Livestream Shopping Is Huge In China — Will It Fly Elsewhere?

Streaming video channels of people shopping has been booming in China, and is beginning to win over customers abroad as a cheap and cheerful way of selling products to millions of consumers glued to the screen.

A A female volunteer promotes spring tea products via on-line live streaming on a pretty mountain surrounded by tea plants.

In Beijing, selling spring tea products via on-line live streaming.

Xinhua / ZUMA
Gwendolyn Ledger

SANTIAGOTikTok, owned by Chinese tech firm ByteDance, has spent more than $500 million to break into online retailing. The app, best known for its short, comical videos, launched TikTok Shop in August, aiming to sell Chinese products in the U.S. and compete with other Chinese firms like Shein and Temu.

Tik Tok Shop will have three sections, including a live or livestream shopping channel, allowing users to buy while watching influencers promote a product.

This choice was strategic: in the past year, live shopping has become a significant trend in online retailing both in the U.S. and Latin America. While still an evolving technology, in principle, it promises good returns and lower costs.

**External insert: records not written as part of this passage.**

lemma sum_mult_cnj_eq_0_imp_eq_0:
  fixes z :: "'j \<Rightarrow> complex"
  assumes "finite J" and "(\<Sum>j\<in>J. z j * cnj (z j)) = 0" and "j \<in> J"
  shows "z j = 0"
proof -
  have "complex_of_real (\<Sum>j\<in>J. (cmod (z j))\<^sup>2) = 0"
    using assms(2) by (simp only: of_real_sum complex_norm_square)
  then have "(\<Sum>j\<in>J. (cmod (z j))\<^sup>2) = 0"
    by (simp only: of_real_eq_0_iff)
  with assms(1,3) show ?thesis
    by (simp add: sum_nonneg_eq_0_iff)
qed

locale identity_kraus =
  fixes X :: "'x set" and J :: "'j set" and M :: "'j \<Rightarrow> 'x \<Rightarrow> 'x \<Rightarrow> complex"
  assumes finite_X: "finite X" and finite_J: "finite J"
    and identity: "\<And>\<phi> u u'. unit_vector X \<phi> \<Longrightarrow> u \<in> X \<Longrightarrow> u' \<in> X \<Longrightarrow>
      (\<Sum>j\<in>J. (\<Sum>a\<in>X. M j u a * \<phi> a) * cnj (\<Sum>b\<in>X. M j u' b * \<phi> b)) = pure_state \<phi> u u'"
begin

lemma identity_basis_vector:
  assumes "x \<in> X" "u \<in> X"
  shows "(\<Sum>j\<in>J. M j u x * cnj (M j u x)) = (if u = x then 1 else 0)"
  using identity[OF unit_vector_basis_vector[OF finite_X \<open>x \<in> X\<close>] \<open>u \<in> X\<close> \<open>u \<in> X\<close>] assms
  by (simp add: sum_mult_basis_vector finite_X pure_state_def) (simp add: basis_vector_def)

lemma off_diagonal_eq_0:
  assumes "j \<in> J" "u \<in> X" "x \<in> X" "u \<noteq> x"
  shows "M j u x = 0"
  using identity_basis_vector[OF \<open>x \<in> X\<close> \<open>u \<in> X\<close>] assms
  by (intro sum_mult_cnj_eq_0_imp_eq_0[OF finite_J, where z = "\<lambda>j. M j u x"]) simp_all
(* Let $0<b<c$, $a>0$, and let $(x_1,y_1),\ldots,(x_T,y_T)\in\mathbb{R}^d\times\{-1,+1\}$ be an arbitrary sequence of examples. Run the LASEC-SS algorithm (described in the context) with parameters $a,b,c$ on this sequence. Then for every sequence $u_1,\ldots,u_T\in\mathbb{R}^d$ and every $\gamma>0$, $$\mathbb{E}\Big[\sum_{t=1}^TM_t\Big]\le\frac{1}{\gamma}\bar L_{\gamma,T}(\{u_t\})+\frac{a}{2\gamma^2}\Big(b\|u_1\|^2+cV_m+\mathbb{E}\Big[\sum_{t=1}^TM_tZ_t(u_t^\top x_t)^2\Big]\Big)+\frac{1}{2a}\mathbb{E}\Big[\sum_{t=1}^TM_tZ_tx_t^\top D_t^{-1}x_t\Big].$$ Moreover, the expected number of labels queried equals $\sum_{t=1}^T\mathbb{E}\big[\frac{a}{a+|\hat p_t|}\big]$.
   Context: LASEC-SS algorithm with parameters $0<b<c$, $a>0$. Initialize $D_0=\frac{bc}{c-b}I\in\mathbb{R}^{d\times d}$, $e_0=0\in\mathbb{R}^d$, $k=1$. For $t=1,\ldots,T$: receive $x_t$; set $S_t=(D_{k-1}^{-1}+c^{-1}I)^{-1}+x_tx_t^\top$ and $\hat p_t=x_t^\top S_t^{-1}(I+c^{-1}D_{k-1})^{-1}e_{k-1}$; predict $\hat y_t=\mathrm{sign}(\hat p_t)$; draw a Bernoulli random variable $Z_t\in\{0,1\}$ with parameter $a/(a+|\hat p_t|)$; if $Z_t=1$, query the label $y_t$ and, if $\hat y_t\ne y_t$, set $e_k=(I+c^{-1}D_{k-1})^{-1}e_{k-1}+y_tx_t$, $D_k=S_t$, $k\leftarrow k+1$. Let $M_t$ be the indicator of $\hat y_t\ne y_t$ (mistakes count on all rounds, queried or not). In the last term, $D_t$ denotes the matrix $S_t$ computed at round $t$ (on rounds with $M_tZ_t=1$ this is the matrix stored by the update). Let $t_1<\cdots<t_m$ be the rounds with $M_tZ_t=1$ (update rounds) and $V_m=\sum_{k=2}^m\|u_{t_k}-u_{t_{k-1}}\|^2$. Hinge loss $\ell_{\gamma,t}(u)=\max\{0,\gamma-y_tu^\top x_t\}$ and $\bar L_{\gamma,T}(\{u_t\})=\mathbb{E}\big[\sum_{t=1}^TM_tZ_t\ell_{\gamma,t}(u_t)\big]$. *)

theory Defs
  imports "HOL-Analysis.Analysis"
begin

text \<open>Rounds are numbered 1..T.
  The random coins are encoded by z :: nat \<Rightarrow> bool (z t = True iff Z_t = 1).\<close>

definition outer :: "real^'d \<Rightarrow> real^'d^'d" where
  "outer v = (\<chi> i j. v$i * v$j)"

definition lasec_S :: "real \<Rightarrow> real^'d^'d \<Rightarrow> real^'d \<Rightarrow> real^'d^'d" where
  "lasec_S c D v = matrix_inv (matrix_inv D + (1/c) *\<^sub>R mat 1) + outer v"

definition lasec_p :: "real \<Rightarrow> real^'d^'d \<Rightarrow> real^'d \<Rightarrow> real^'d \<Rightarrow> real" where
  "lasec_p c D e v = v \<bullet> (matrix_inv (lasec_S c D v) *v (matrix_inv (mat 1 + (1/c) *\<^sub>R D) *v e))"
(* Let $P_1\subseteq P_2$ be meet semilattices with $0$ such that $P_1$ is downward closed in $P_2$. Then $P_1\subseteq P_2$ preserves finite covers and is tight; that is, the map $U\mapsto re^{-1}(U)$ identifies $\mathcal T_c(P_1)$ with an ideal of $\mathcal T_c(P_2)$, via $V^{P_1}_x\mapsto V^{P_2}_x$ for $x\in P_1$.
   Context: A meet semilattice with $0$ is a meet semilattice with least element $0$; $P_1\subseteq P_2$ means an injective meet- and $0$-preserving map identifying $P_1$ with a subset of $P_2$; downward closed means containing all elements below any of its elements. A filter of $P$ is a subset $F$ with $\emptyset\ne F\ne P$, closed upwards and under $\wedge$; $F(P)$ has the topology generated by $U_x=\{F:x\in F\}$, with basis of compact open sets $U_{(x:x_1,\dots,x_n)}=\{F:x\in F,\ x_1,\dots,x_n\notin F\}$. The tight filters $T(P)$ are the closure of the ultrafilters in $F(P)$; $V^P_{(x:x_1,\dots,x_n)}=U_{(x:x_1,\dots,x_n)}\cap T(P)$, $V^P_x=V^P_{(x:)}$. $\mathcal T_c(P)$ is the generalized Boolean algebra of compact open subsets of $T(P)$. A finite cover of $x\in P$ is a finite set of elements $\le x$ such that every $0\ne y\le x$ meets one of them nontrivially; $P_1\subseteq P_2$ preserves finite covers if every finite cover in $P_1$ of $x\in P_1$ is a finite cover of $x$ in $P_2$. In that case $re:T(P_2)\dashrightarrow T(P_1)$, $\xi\mapsto\xi\cap P_1$ (defined when nonempty), is a partial map to tight filters and $U\mapsto re^{-1}(U)$ is an injective generalized Boolean algebra morphism $\mathcal T_c(P_1)\to\mathcal T_c(P_2)$; $P_1\subseteq P_2$ is called tight if its image is an ideal (closed under unions and under intersection with arbitrary elements of $\mathcal T_c(P_2)$). *)

theory Defs
  imports "HOL-Analysis.Analysis"
begin
(* Let $A$ be a semilocal ring, $Z$ a finite $A$-scheme, $Y \subset Z$ a closed subscheme, and $d > 0$. Suppose given a closed immersion $\iota_Y\colon Y \hookrightarrow \mathbb{A}^d_A$ over $A$ and, for every maximal ideal $\mathfrak{m} \subset A$, a closed immersion $\iota_\mathfrak{m}\colon Z_{k_\mathfrak{m}} \hookrightarrow \mathbb{A}^d_{k_\mathfrak{m}}$ over $k_\mathfrak{m}$, such that these are compatible (i.e. $\iota_\mathfrak{m}$ and $\iota_Y$ agree on $Y_{k_\mathfrak{m}}$). Then there is a closed immersion $\iota\colon Z \hookrightarrow \mathbb{A}^d_A$ over $A$ that restricts to $\iota_Y$ on $Y$ and to $\iota_\mathfrak{m}$ on $Z_{k_\mathfrak{m}}$ for every maximal ideal $\mathfrak{m}$.
   Context: $k_\mathfrak{m}$ denotes the residue field of $A$ at $\mathfrak{m}$. *)

theory Defs
  imports "HOL-Algebra.Algebra"
begin

text \<open>Affine algebraic geometry over a ring, translated to commutative algebra.
  A finite A-scheme Z = Spec B, where B is an A-algebra (structure map phi)
  that is finitely generated as an A-module.\<close>

definition semilocal :: "('a, 'm) ring_scheme \<Rightarrow> bool" where
  "semilocal A \<longleftrightarrow> cring A \<and> finite {m. maximalideal m A}"

definition finite_algebra ::
  "('a, 'm) ring_scheme \<Rightarrow> ('b, 'n) ring_scheme \<Rightarrow> ('a \<Rightarrow> 'b) \<Rightarrow> bool" where
  "finite_algebra A B phi \<longleftrightarrow> cring A \<and> cring B \<and> phi \<in> ring_hom A B \<and>
     (\<exists>S. finite S \<and> S \<subseteq> carrier B \<and>
        (\<forall>b \<in> carrier B. \<exists>c \<in> S \<rightarrow> carrier A.
            b = (\<Oplus>\<^bsub>B\<^esub> s\<in>S. phi (c s) \<otimes>\<^bsub>B\<^esub> s)))"

text \<open>A d-tuple x of elements of an A-algebra C (structure map psi) generates C
  as an A-algebra, i.e. the A-algebra map A[X_1..X_d] -> C, X_i |-> x i, is
  surjective, i.e. defines a closed immersion Spec C -> affine d-space over A.\<close>

definition generates_algebra ::
  "('a, 'm) ring_scheme \<Rightarrow> ('c, 'n) ring_scheme \<Rightarrow> ('a \<Rightarrow> 'c) \<Rightarrow> nat \<Rightarrow> (nat \<Rightarrow> 'c) \<Rightarrow> bool" where
  "generates_algebra A C psi d x \<longleftrightarrow>
     (\<forall>i<d. x i \<in> carrier C) \<and>
     generate_ring C (psi ` carrier A \<union> x ` {..<d}) = carrier C"

abbreviation closed_imm ::
  "('a, 'm) ring_scheme \<Rightarrow> ('c, 'n) ring_scheme \<Rightarrow> ('a \<Rightarrow> 'c) \<Rightarrow> nat \<Rightarrow> (nat \<Rightarrow> 'c) \<Rightarrow> bool" where
  "closed_imm \<equiv> generates_algebra"

text \<open>Extension of the maximal ideal m to B: the ideal mB; B Quot mB is the
  coordinate ring of the fibre Z over k_m = A/m.\<close>
definition ext_ideal :: "('b, 'n) ring_scheme \<Rightarrow> ('a \<Rightarrow> 'b) \<Rightarrow> 'a set \<Rightarrow> 'b set" where
  "ext_ideal B phi m = Idl\<^bsub>B\<^esub> (phi ` m)"

end

theory Submission
  imports Defs
begin

(* Lift each coordinate y_i through B -> B/I and simultaneously through all the fibres B -> B/mB:
   the cosets y_i and z_{m,i} meet by compatibility, and the ideals mB are pairwise comaximal, so a
   Chinese remainder argument yields a common lift x_i. The A-subalgebra R of B generated by the x_i
   then satisfies R + mB = B for every maximal ideal m, since the x_i generate each fibre. Gluing
   these finitely many equalities with elements that lie in all but one maximal ideal gives
   R + J B = B for the Jacobson radical J of A, and Nakayama's lemma for the finite A-module B
   yields R = B. *)

no_notation Sum_Type.Plus (infixr \<open><+>\<close> 65)

section \<open>Maximal ideals and the Jacobson radical\<close>

lemma (in cring) exists_maximalideal_superset:
  assumes "ideal I R" "\<one> \<notin> I"
  shows "\<exists>m. maximalideal m R \<and> I \<subseteq> m"
proof -
  define SS where "SS = {J. ideal J R \<and> I \<subseteq> J \<and> \<one> \<notin> J}"
  have "\<exists>M\<in>SS. \<forall>K\<in>SS. M \<subseteq> K \<longrightarrow> K = M"
  proof (rule subset_Zorn_nonempty)
    show "SS \<noteq> {}" using assms SS_def by auto
  next
    fix C assume C: "C \<noteq> {}" "subset.chain SS C"
    have "subset.chain {J. ideal J R} C" using C(2) unfolding pred_on.chain_def SS_def by auto
    from chain_Union_is_ideal[OF this] C(1) have "ideal (\<Union>C) R" by simp
    moreover have "I \<subseteq> \<Union>C" "\<one> \<notin> \<Union>C" using C unfolding pred_on.chain_def SS_def by blast+
    ultimately show "\<Union>C \<in> SS" unfolding SS_def by auto
  qed
  then obtain M where M: "M \<in> SS" "\<And>K. K \<in> SS \<Longrightarrow> M \<subseteq> K \<Longrightarrow> K = M" by auto
  have "maximalideal M R"
  proof (rule maximalidealI)
    show "ideal M R" "carrier R \<noteq> M" using M SS_def by auto
    fix J assume J: "ideal J R" "M \<subseteq> J" "J \<subseteq> carrier R"
    show "J = M \<or> J = carrier R"
      using M J SS_def ideal.one_imp_carrier[OF J(1)] by (cases "\<one> \<in> J") auto
  qed
  thus ?thesis using M SS_def by auto
qed

definition jacobson :: "('a, 'b) ring_scheme \<Rightarrow> 'a set" where
  "jacobson R = carrier R \<inter> \<Inter>{m. maximalideal m R}"

lemma (in ring) ideal_carrier_Int_Inter:
  assumes "\<And>I. I \<in> F \<Longrightarrow> ideal I R"
  shows "ideal (carrier R \<inter> \<Inter>F) R"
proof (cases "F = {}")
  case True
  thus ?thesis using oneideal by simp
next
  case False
  then have "carrier R \<inter> \<Inter>F = \<Inter>F" using assms ideal.Icarr by fastforce
  thus ?thesis using i_Intersect[OF assms False] by simp
qed

lemma (in ring) ideal_jacobson: "ideal (jacobson R) R"
  unfolding jacobson_def by (rule ideal_carrier_Int_Inter) (simp add: maximalideal.axioms(1))

lemma (in cring) jacobson_one_minus_Units:
  assumes "a \<in> jacobson R"
  shows "\<one> \<ominus> a \<in> Units R"
proof (rule ccontr)
  assume not_unit: "\<one> \<ominus> a \<notin> Units R"
  have a: "a \<in> carrier R" using assms unfolding jacobson_def by blast
  then have b: "\<one> \<ominus> a \<in> carrier R" by simp
  have "\<one> \<notin> PIdl (\<one> \<ominus> a)"
    using not_unit ideal_eq_carrier_iff[OF b] ideal.one_imp_carrier[OF cgenideal_ideal[OF b]] by auto
  then obtain m where m: "maximalideal m R" "PIdl (\<one> \<ominus> a) \<subseteq> m"
    using exists_maximalideal_superset[OF cgenideal_ideal[OF b]] by auto
  interpret m: maximalideal m R by fact
  have "\<one> \<ominus> a \<in> m" using m cgenideal_self[OF b] by auto
  moreover have "a \<in> m" using assms m unfolding jacobson_def by blast
  ultimately have "(\<one> \<ominus> a) \<oplus> a \<in> m" by (simp add: m.a_closed)
  moreover have "(\<one> \<ominus> a) \<oplus> a = \<one>" using a by algebra
  ultimately show False using m.one_imp_carrier m.I_notcarr by auto
qed

lemma (in cring) maximalideals_comaximal:
  assumes m: "maximalideal m R" and m': "maximalideal m' R" and "m \<noteq> m'"
  shows "\<exists>q\<in>m'. \<one> \<ominus> q \<in> m"
proof -
  interpret m: maximalideal m R by (rule m)
  interpret m': maximalideal m' R by (rule m')
  have sum_ideal: "ideal (m <+> m') R" by (rule add_ideals[OF m.is_ideal m'.is_ideal])
  have m_sub: "m \<subseteq> m <+> m'" and m'_sub: "m' \<subseteq> m <+> m'"
    using m.Icarr m'.Icarr m.zero_closed m'.zero_closed unfolding set_add_def'
    by (force intro: r_zero[symmetric] l_zero[symmetric])+
  have "m <+> m' = carrier R"
  proof (rule ccontr)
    assume "m <+> m' \<noteq> carrier R"
    hence "m <+> m' = m" using m.I_maximal[OF sum_ideal m_sub] ideal.Icarr[OF sum_ideal] by blast
    hence "m' \<subseteq> m" using m'_sub by simp
    thus False using m'.I_maximal[OF m.is_ideal] m.a_subset m.I_notcarr \<open>m \<noteq> m'\<close> by blast
  qed
  then obtain p q where pq: "p \<in> m" "q \<in> m'" "\<one> = p \<oplus> q" unfolding set_add_def' by force
  have "\<one> \<ominus> q = p" using pq m.Icarr m'.Icarr by (simp add: a_minus_def a_assoc r_neg)
  thus ?thesis using pq by blast
qed

lemma (in cring) exists_separating_element:
  assumes "finite F" and J0: "ideal (J m0) R" and J: "\<And>m. m \<in> F \<Longrightarrow> ideal (J m) R"
    and comax: "\<And>m. m \<in> F \<Longrightarrow> \<exists>q\<in>J m. \<one> \<ominus> q \<in> J m0"
  shows "\<exists>e\<in>carrier R. (\<forall>m\<in>F. e \<in> J m) \<and> \<one> \<ominus> e \<in> J m0"
  using assms(1,3,4)
proof (induction F rule: finite_induct)
  case empty
  interpret J0: ideal "J m0" R by (rule J0)
  have "\<one> \<ominus> \<one> \<in> J m0" using J0.zero_closed by (simp add: minus_eq r_neg)
  thus ?case by blast
next
  case (insert m1 F)
  interpret J0: ideal "J m0" R by (rule J0)
  interpret J1: ideal "J m1" R using insert.prems(1) by blast
  obtain e where e: "e \<in> carrier R" "\<forall>m\<in>F. e \<in> J m" "\<one> \<ominus> e \<in> J m0"
    using insert.IH insert.prems by blast
  obtain q where q: "q \<in> J m1" "\<one> \<ominus> q \<in> J m0" using insert.prems(2) by blast
  have qR: "q \<in> carrier R" by (rule J1.Icarr[OF q(1)])
  have "e \<otimes> q \<in> J m" if "m \<in> F" for m
    using ideal.I_r_closed[OF insert.prems(1) _ qR] e(2) that by blast
  moreover have "e \<otimes> q \<in> J m1" by (rule J1.I_l_closed[OF q(1) e(1)])
  moreover have "\<one> \<ominus> e \<otimes> q \<in> J m0"
  proof -
    have "\<one> \<ominus> e \<otimes> q = (\<one> \<ominus> q) \<oplus> q \<otimes> (\<one> \<ominus> e)" using qR e(1) by algebra
    thus ?thesis using q(2) J0.I_l_closed[OF e(3) qR] J0.a_closed by simp
  qed
  ultimately show ?case using e(1) qR by (intro bexI[of _ "e \<otimes> q"]) auto
qed

section \<open>Cosets of ideals\<close>

lemma mem_set_add_iff: "x \<in> H <+>\<^bsub>G\<^esub> K \<longleftrightarrow> (\<exists>h\<in>H. \<exists>k\<in>K. x = h \<oplus>\<^bsub>G\<^esub> k)"
  unfolding set_add_def' by blast

lemma (in ring) a_rcosets_eq_a_r_coset:
  assumes "ideal J R" "C \<in> a_rcosets J" "a \<in> C"
  shows "C = J +> a"
proof -
  interpret J: ideal J R by fact
  obtain c where "c \<in> carrier R" "C = J +> c" using assms(2) unfolding A_RCOSETS_def' by blast
  thus ?thesis using J.a_repr_independence' assms(3) by blast
qed

lemma (in ring) a_rcosets_mem_iff:
  assumes "ideal J R" "C \<in> a_rcosets J" "a \<in> C" "b \<in> carrier R"
  shows "b \<in> C \<longleftrightarrow> b \<ominus> a \<in> J"
proof -
  interpret J: ideal J R by fact
  have "a \<in> carrier R" using J.a_rcosets_carrier assms(2,3) by blast
  then have "b \<in> J +> a \<longleftrightarrow> b \<ominus> a \<in> J" by (rule J.a_rcos_module_minus[OF ring_axioms _ assms(4)])
  thus ?thesis using a_rcosets_eq_a_r_coset[OF assms(1-3)] by simp
qed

Chilean Carlos O'Rian Herrera, co-founder of Fira Onlive, an online sales consultancy, told América Economía that live shopping has a much higher catchment rate than standard website retailing. If traditional e-commerce has a rate of one or two purchases per 100 visits to your site, live shopping can hike the ratio to 19%.

Live shopping has thrived in China and the recent purchases of shopping platforms in some Latin American countries suggests firms are taking an interest. In the United States, live shopping generated some $20 billion in sales revenues in 2022, according to consultants McKinsey. This constituted 2% of all online sales, but the firm believes the ratio may become 20% by 2026.